Jared Mauch jared at puck.nether.net
Mon Aug 25 09:22:28 CDT 2008


On Thu, Aug 21, 2008 at 08:03:19PM -0400, Sean Donelan wrote:
> On Tue, 19 Aug 2008, Kevin Loch wrote:
>>> 	While you're at it, you also placed the reachable-via rx on
>>> all your customer interfaces.  If you're paranoid, start with the 'any'
>>> rpf and then move to the strict rpf.  The strict rpf also helps with
>>> routing loops.
>>
>> Be careful not to enable strict rpf on multihomed customers.  This includes
>> any bgp customer unless you know for sure they are single homed to you 
>> and that will not
>> change.
>
> Isn't it time to change the assumption that sending arbitrary source IP  
> addresses without checking is Ok?
>
> Unless the customer has specifically told their ISP about all the IP  
> addresses they intend to use as source IP addresses, shouldn't the 
> default be to drop those packets.
>
> If those multi-homed customers have not told their upstream ISPs about  
> additional source IP addresses (hopefully also registered/authorized for  
> use by the same customer) why can they still send packets with those  
> source addresses?  Instead shouldn't you say "Be careful if you are a  
> using source IP addresses without informing your upstream."
>
> In practice, how many multi-homed customers send packets with unannounced 
> source IP addresses?  And for those customers which do, why is the ISP  
> unable to implement any of the alternative source IP checking options,  
> such as using a ACL with uRPF or on the interface?

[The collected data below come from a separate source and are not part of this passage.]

lemma eval_word_upt_eq_prefix_prod:
  assumes "f ` {1..i} \<subseteq> carrier G"
  shows "eval_word G f (pos_word [1..<i + 1]) = prefix_prod G f i"
  using assms
proof (induction i)
  case (Suc i)
  have "f ` {1..i} \<subseteq> carrier G"
    using Suc.prems by auto
  then have IH: "eval_word G f (pos_word [1..<i + 1]) = prefix_prod G f i"
    by (rule Suc.IH)
  have "f (Suc i) \<in> carrier G"
    using Suc.prems by auto
  have "eval_word G f (pos_word [1..<i + 1] @ pos_word [Suc i]) =
      eval_word G f (pos_word [1..<i + 1]) \<otimes> eval_word G f (pos_word [Suc i])"
    using Suc.prems by (intro eval_word_append[of f "{1..Suc i}"]) auto
  moreover have "[1..<Suc i + 1] = [1..<i + 1] @ [Suc i]"
    by simp
  ultimately show ?case
    using IH \<open>f (Suc i) \<in> carrier G\<close> by (simp del: upt_Suc)
qed simp

lemma prefix_prod_prefix_quot:
  assumes "r 0 = \<one>" "\<And>k. k \<le> i \<Longrightarrow> r k \<in> carrier G"
  shows "prefix_prod G (prefix_quot G r) i = r i"
  using assms
  by (induction i) (simp_all add: prefix_quot_def m_assoc[symmetric])

lemma prefix_quot_prefix_prod:
  assumes "1 \<le> i" "\<And>k. 1 \<le> k \<Longrightarrow> k \<le> i \<Longrightarrow> f k \<in> carrier G"
  shows "prefix_quot G (prefix_prod G f) i = f i"
proof -
  obtain j where i: "i = Suc j" using assms(1) by (cases i) auto
  have "prefix_prod G f j \<in> carrier G"
    using assms(2) i by (intro prefix_prod_closed) auto
  then show ?thesis
    using assms(2) i by (simp add: prefix_quot_def m_assoc[symmetric])
qed

end

section \<open>Braid relations and the relations of \<open>H\<^sub>n\<close> in an arbitrary group\<close>

locale braid_gens = group +
  fixes n :: nat and s :: "nat \<Rightarrow> 'a"
  assumes s_closed [simp]: "1 \<le> i \<Longrightarrow> i \<le> n \<Longrightarrow> s i \<in> carrier G"
    and s_far_comm: "1 \<le> i \<Longrightarrow> i + 2 \<le> j \<Longrightarrow> j \<le> n \<Longrightarrow> s j \<otimes> s i = s i \<otimes> s j"
    and s_braid: "1 \<le> i \<Longrightarrow> i < n \<Longrightarrow> s i \<otimes> s (i + 1) \<otimes> s i = s (i + 1) \<otimes> s i \<otimes> s (i + 1)"

locale H_gens = group +
  fixes n :: nat and r :: "nat \<Rightarrow> 'a"
  assumes r_zero: "r 0 = \<one>"
    and r_closed [simp]: "i \<le> n \<Longrightarrow> r i \<in> carrier G"
    and r_rel: "1 \<le> i \<Longrightarrow> i < j \<Longrightarrow> j \<le> n \<Longrightarrow> r 1 \<otimes> r j \<otimes> r i = r (i + 1) \<otimes> r j"

lemma (in group) braid_gens_iff:
  "braid_gens G n s \<longleftrightarrow> s ` {1..n} \<subseteq> carrier G \<and> relations_hold G s (braid_rels n)"
proof
  assume "braid_gens G n s"
  then interpret braid_gens G n s .
  have comm: "s i \<otimes> s j = s j \<otimes> s i"
    if "1 \<le> i" "1 \<le> j" "i \<le> n" "j \<le> n" "i + 1 < j \<or> j + 1 < i" for i j
    using that s_far_comm[of i j] s_far_comm[of j i] by force
  show "s ` {1..n} \<subseteq> carrier G \<and> relations_hold G s (braid_rels n)"
    unfolding relations_hold_def braid_rels_def
    using s_braid by (auto simp: m_assoc) (auto intro!: comm)
next
  assume *: "s ` {1..n} \<subseteq> carrier G \<and> relations_hold G s (braid_rels n)"
  show "braid_gens G n s"
  proof
    fix i j
    assume "1 \<le> i" "i + 2 \<le> j" "j \<le> n"
    then have "([j, i], [i, j]) \<in> braid_rels n"
      by (auto simp: braid_rels_def)
    moreover have "s i \<in> carrier G" "s j \<in> carrier G"
      using * \<open>1 \<le> i\<close> \<open>i + 2 \<le> j\<close> \<open>j \<le> n\<close> by auto
    ultimately show "s j \<otimes> s i = s i \<otimes> s j"
      using * by (auto simp: relations_hold_def)
  next
    fix i
    assume "1 \<le> i" "i < n"
    then have "([i, i + 1, i], [i + 1, i, i + 1]) \<in> braid_rels n"
      by (auto simp: braid_rels_def)
    moreover have "s i \<in> carrier G" "s (i + 1) \<in> carrier G"
      using * \<open>1 \<le> i\<close> \<open>i < n\<close> by auto
    ultimately show "s i \<otimes> s (i + 1) \<otimes> s i = s (i + 1) \<otimes> s i \<otimes> s (i + 1)"
      using * by (auto simp: relations_hold_def m_assoc)
  qed (use * in auto)
qed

	I certainly believe that this is the trap people fall into.

	I can't manage it, nor do I want to spend the effort telling
my provider, peer, etc.. that I stole their customer from them, so
I'm better off making the global network less secure.

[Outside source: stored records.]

(* Let $G$ be a finite bipartite graph. If $G$ has a nonempty channel, then the number $m_G$ of perfect matchings of $G$ is even.
   Context: A channel of a graph $G=(V,E)$ is a set $C\subseteq V$ such that every vertex of $G$ is adjacent to an even number of vertices of $C$. *)

theory Defs
  imports Main
begin

definition simple_graph :: "'a set \<Rightarrow> 'a set set \<Rightarrow> bool" where
  "simple_graph V E \<longleftrightarrow> finite V \<and> (\<forall>e\<in>E. e \<subseteq> V \<and> card e = 2)"

definition adjacent :: "'a set set \<Rightarrow> 'a \<Rightarrow> 'a \<Rightarrow> bool" where
  "adjacent E u v \<longleftrightarrow> {u, v} \<in> E"

definition bipartite :: "'a set \<Rightarrow> 'a set set \<Rightarrow> bool" where
  "bipartite V E \<longleftrightarrow> (\<exists>X Y. X \<union> Y = V \<and> X \<inter> Y = {} \<and>
      (\<forall>e\<in>E. card (e \<inter> X) = 1 \<and> card (e \<inter> Y) = 1))"

definition perfect_matching :: "'a set \<Rightarrow> 'a set set \<Rightarrow> 'a set set \<Rightarrow> bool" where
  "perfect_matching V E M \<longleftrightarrow> M \<subseteq> E \<and> (\<forall>v\<in>V. \<exists>!e. e \<in> M \<and> v \<in> e)"

definition num_perfect_matchings :: "'a set \<Rightarrow> 'a set set \<Rightarrow> nat" where
  "num_perfect_matchings V E = card {M. perfect_matching V E M}"

definition channel :: "'a set \<Rightarrow> 'a set set \<Rightarrow> 'a set \<Rightarrow> bool" where
  "channel V E C \<longleftrightarrow> C \<subseteq> V \<and> (\<forall>v\<in>V. even (card {u\<in>C. adjacent E v u}))"

end

theory Submission
  imports Defs "HOL-Library.Z2" "HOL-Library.FuncSet" "HOL-Combinatorics.Transposition"
begin

text \<open>
  With sides X and Y, perfect matchings correspond to bijections \<open>\<sigma> : X \<rightarrow> Y\<close> with every
  \<open>{x, \<sigma> x}\<close> an edge, so their number is, modulo 2, the permanent of the biadjacency matrix
  over GF(2). Take \<open>x0 \<in> C\<close>, say on side X. As every \<open>y \<in> Y\<close> has an even number of
  neighbours in \<open>C \<inter> X\<close>, the row of \<open>x0\<close> is the sum of the rows of the other vertices of
  \<open>C \<inter> X\<close>. Expanding along that row writes the permanent as a sum of permanents with two equal
  rows, and each of these vanishes over GF(2): composing with the transposition of the two rows
  is a fixed-point-free involution on the bijections that preserves the summand.
\<close>

lemma of_nat_eq_0_bit_iff: "(of_nat n = (0::bit)) \<longleftrightarrow> even n"
  by (metis bit_2_eq_0 dvd_0_left_iff even_of_nat)

lemma sum_fixpoint_free_involution_bit:
  assumes "finite S"
    and "\<And>s. s \<in> S \<Longrightarrow> g s \<in> S" "\<And>s. s \<in> S \<Longrightarrow> g (g s) = s" "\<And>s. s \<in> S \<Longrightarrow> g s \<noteq> s"
    and "\<And>s. s \<in> S \<Longrightarrow> f (g s) = f s"
  shows "sum f S = (0::bit)"
proof -
  define orbits where "orbits = (\<lambda>s. {s, g s}) ` S"
  have "S = \<Union> orbits"
    using assms(2) by (auto simp: orbits_def)
  moreover have "A \<inter> B = {}" if "A \<in> orbits" "B \<in> orbits" "A \<noteq> B" for A B
    using that assms(3) unfolding orbits_def by auto metis+
  moreover have orbit_sum: "sum f {s, g s} = 0" if "s \<in> S" for s
  proof -
    have "s \<notin> {g s}"
      using assms(4)[OF that] by auto
    then show ?thesis
      using assms(5)[OF that] by simp
  qed
  ultimately have "sum f S = sum (sum f) orbits"
    using sum.Union_disjoint[of orbits f] by (simp add: orbits_def)
  also have "\<dots> = 0"
    using orbit_sum by (intro sum.neutral) (auto simp: orbits_def)
  finally show ?thesis .
qed

definition bijections :: "'a set \<Rightarrow> 'b set \<Rightarrow> ('a \<Rightarrow> 'b) set" where
  "bijections X Y = {\<sigma> \<in> X \<rightarrow>\<^sub>E Y. bij_betw \<sigma> X Y}"

definition permanent :: "('a \<Rightarrow> 'b \<Rightarrow> 'r::comm_semiring_1) \<Rightarrow> 'a set \<Rightarrow> 'b set \<Rightarrow> 'r" where
  "permanent a X Y = (\<Sum>\<sigma>\<in>bijections X Y. \<Prod>x\<in>X. a x (\<sigma> x))"

lemma finite_bijections: "finite X \<Longrightarrow> finite Y \<Longrightarrow> finite (bijections X Y)"
  unfolding bijections_def by (rule finite_subset[of _ "X \<rightarrow>\<^sub>E Y"]) (auto intro: finite_PiE)

lemma of_nat_card_bijections_eq_permanent:
  assumes "finite X" "finite Y"
  shows "(of_nat (card {\<sigma> \<in> bijections X Y. \<forall>x\<in>X. R x (\<sigma> x)}) :: 'r::comm_semiring_1)
         = permanent (\<lambda>x y. of_bool (R x y)) X Y"
proof -
  have prod_of_bool: "(\<Prod>x\<in>X. of_bool (R x (\<sigma> x))) = (of_bool (\<forall>x\<in>X. R x (\<sigma> x)) :: 'r)" for \<sigma>
    using assms(1) by (induction X rule: finite_induct) auto
  have "permanent (\<lambda>x y. of_bool (R x y)) X Y
        = (\<Sum>\<sigma>\<in>bijections X Y. (of_bool (\<forall>x\<in>X. R x (\<sigma> x)) :: 'r))"
    unfolding permanent_def prod_of_bool ..
  then show ?thesis
    using finite_bijections[OF assms] by (simp add: Int_def)
qed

	With all the concern about DNS cache integrity, network abuse, etc..
networks that are not taking afirmative action to implement better policies,
systems are going to continue to lower their overall value.

	If you think I'm wrong, I do suggest you sit back and ignore your
network and customers further.  When they are unable to trust your network
to deliver the correct response to a dns query, they will ask for credits
and will leave.  If I were any sort of a bank, I would insist that my provider
take actions to prevent my customers from being redirected to a phishing
site.  The interesting thing is the effort put into dns patching, dnssec, etc..
could all be helped by the networks doing u-rpf.  Not 100% mitigated against, but
the difference would be huge.

	this is no longer a ddos issue of people spoofing packets.  That's 
gone, it's easier to take over a million desktops with malware than one
on a fe/ge.  But the ability to use those machines to brute-force or reconfigure
the resolver settings to someplace bad, that risk is truly tangible and
possibly severely disruptive to the industry.  If I can't trust that I am
reaching my bank, email, etc.. what impact will that have?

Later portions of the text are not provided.